May 04 2008
My School Situation
My sister asked me the other day where I was at with school. I have a number of incomplete courses that I need to finish and she was wondering how many were left. Presently I have 6 left to complete. One is in the process of being finished, so it will soon be 5. After this, I will need another 1-3 classes to graduate with a three year degree in English Language and Literature.
Several things have factored into the development of where I am at present: uncertainty as to whether I even wanted to be in university, a lack of enthusiasm for my work, anxiety(!), and side effects of the depression (and medication). Of course, each of one of these plays off the others. I know a few people who despise their education or work and yet continue to carry out the tasks expected of them in an efficient and professional manner. Unfortunately, I am not one of these people who can “force” themselves to complete something if they are miserable. Sometimes I have wished I possessed this quality - I’d be finished school by now, at any rate.
Generally my depression hits me as a “bad feeling” - hard to describe, but it makes me uncomfortable, so I tend to withdraw and stay at home. A few times I’ve gotten myself to school anyhow on really bad days and have had weird experiences. For example, once I remember sitting in class and feeling as if I were listening to everything through earplugs. It was almost like being part of a tv studio audience - I wasn’t really a part of what was going on. Another time when I was commuting to school from my parents’, I made it all the way to campus and then had to turn around and leave because I was too overwhelmed to go to class. So I don’t know that “facing my fears” so to speak is really a benefit sometimes. During times when I am not affected by my depression/anxiety, I don’t have a problem with making it to class. However, there have been a few terms that were worse than others and this is when I didn’t finish my courses.
So now I am working on finishing up these classes. I can not take all the credit for pushing onward with this. I am registered as a disabled student at my university due to my health issues (I didn’t realize this was an option for me at first, something I’ll write about later). There is an Office for Persons with Disabilities at my school where students with a diagnosed health problem or disability can access many resources to assist them in pursuing their degree - a lot of people might not graduate without the OPD’s services.

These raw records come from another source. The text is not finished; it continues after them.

lemma mean_grid_sector_le:
  "measure (intensity_measure \<alpha> \<nu> n) (grid_sector \<alpha> (Rn \<nu> n) i j k)
   \<le> measure (intensity_measure \<alpha> \<nu> n)
        (layer \<alpha> (Rn \<nu> n) j \<inter> sector (Rn \<nu> n) (- 2 * theta_ij \<alpha> (Rn \<nu> n) i j) (2 * theta_ij \<alpha> (Rn \<nu> n) i j))
     + radial_mass \<alpha> \<nu> (Rn \<nu> n) (t_lower \<alpha> (Rn \<nu> n) j) (t_layer \<alpha> (Rn \<nu> n) j) * exp (- Rn \<nu> n)"
  (is "?lhs \<le> ?rhs")
proof -
  define R where "R = Rn \<nu> n"
  define \<theta> where "\<theta> = theta_ij \<alpha> R i j"
  define c where "c = of_int k * exp (- R)"
  define g where "g = radial_mass \<alpha> \<nu> R (t_lower \<alpha> R j) (t_layer \<alpha> R j)"
  have "?lhs = g * measure lborel (angle_arc c (c + 4 * \<theta> + exp (- R)))"
    unfolding grid_sector_def layer_def measure_intensity_annulus_sector g_def c_def \<theta>_def R_def ..
  also have "\<dots> \<le> g * (measure lborel (angle_arc (- 2 * \<theta>) (2 * \<theta>)) + exp (- R))"
    using measure_angle_arc_widen_le[of "exp (- R)" c \<theta>] radial_mass_nonneg
    unfolding g_def by (intro mult_left_mono) auto
  also have "\<dots> = ?rhs"
    unfolding layer_def measure_intensity_annulus_sector g_def \<theta>_def R_def
    by (simp add: distrib_left)
  finally show ?thesis .
qed

text \<open>The hypothesis \<open>small\<close> says that widening the angular range by \<open>exp (- R)\<close> raises the mean
  by at most one.\<close>

lemma prob_grid_sector_overfull_le:
  assumes pp: "poisson_pp M (hyp_domain (Rn \<nu> n)) (intensity_measure \<alpha> \<nu> n) V"
    and "\<alpha> > 1" "\<nu> > 0" and R3: "Rn \<nu> n \<ge> 3"
    and small: "\<nu> * exp (Rn \<nu> n / 2) * \<alpha> / pi * Rn \<nu> n * exp (- Rn \<nu> n) \<le> 1"
  shows "measure M {\<omega> \<in> space M. theta_bound M V \<alpha> (Rn \<nu> n) i j
            < real (card (V \<omega> \<inter> grid_sector \<alpha> (Rn \<nu> n) i j k))}
         \<le> exp 1 * exp (- 8 * Rn \<nu> n)"
proof -
  define R where "R = Rn \<nu> n"
  define \<mu> where "\<mu> = intensity_measure \<alpha> \<nu> n"
  define A0 where "A0 = layer \<alpha> R j \<inter> sector R (- 2 * theta_ij \<alpha> R i j) (2 * theta_ij \<alpha> R i j)"
  define m where "m = max (8 * R) (prob_space.expectation M
       (\<lambda>\<omega>. real (card (Theta_set \<alpha> R (V \<omega>) i j (R - t_layer \<alpha> R i, 0)))))"
  have "Theta_set \<alpha> R Vs i j (R - t_layer \<alpha> R i, 0) = Vs \<inter> A0" for Vs
    unfolding Theta_set_def A0_def by auto
  then have "m = max (8 * R) (measure \<mu> A0)"
    unfolding m_def A0_def \<mu>_def R_def
    using poisson_pp_expectation[OF pp layer_sector_borel] by simp
  moreover have "radial_mass \<alpha> \<nu> R (t_lower \<alpha> R j) (t_layer \<alpha> R j) * exp (- R) \<le> 1"
    using radial_mass_le[of \<alpha> \<nu> R] assms small unfolding R_def
    by (smt (verit) exp_gt_zero mult_right_mono)
  ultimately have mean_le: "measure \<mu> (grid_sector \<alpha> R i j k) \<le> m + 1"
    using mean_grid_sector_le[of \<alpha> \<nu> n i j k] unfolding R_def \<mu>_def A0_def by linarith
  have m_ge: "8 * R \<le> m"
    unfolding m_def by simp
  have "measure M {\<omega> \<in> space M. 4 * m < real (card (V \<omega> \<inter> grid_sector \<alpha> R i j k))}
      \<le> exp (measure \<mu> (grid_sector \<alpha> R i j k)) / 2 powr (4 * m)"
    using poisson_pp_count_tail[OF pp[folded \<mu>_def] _, of "grid_sector \<alpha> R i j k" "4 * m"] m_ge R3
    unfolding R_def by (simp add: grid_sector_borel)
  also have "\<dots> \<le> exp (m + 1) / 2 powr (4 * m)"
    using mean_le by (intro divide_right_mono) auto
  also have "\<dots> \<le> exp 1 * exp (- m)"
    using m_ge R3 unfolding R_def by (intro exp_div_two_powr_le) linarith
  also have "\<dots> \<le> exp 1 * exp (- 8 * R)"
    using m_ge by simp
  finally show ?thesis
    unfolding theta_bound_def m_def R_def .
qed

I am not only able to visit my psychologist through this office, but have also had the pleasure of working with the university’s Learning Strategist over the last few years.
When I visit the learning strategist we work on realistic goal-setting, as well as the development of skills to help me stay on track with school. I don’t do particularly well with a stringent schedule, so one of the first things we worked on was finding a way for me to organize my time without feeling trapped by a day planner. Having someone to check-in with has helped me to be more accountable; I am responsible for setting and meeting my own goals, but knowing that I will be talking to someone about my progress helps me to stay focused between visits. On days when I don’t feel up to coming to school we are able to meet by phone which has also provided a great support for me. Being able to touch-base even when I’m not accomplishing much keeps me from totally “falling off the wagon,” so to speak. We are also good friends and I enjoy going to the office as it has a sense of community about it.
My progress with school is slow and steady, which I am happy with because this is great progress from having been at a standstill in the past.
Keep moving forward…thanks for reading.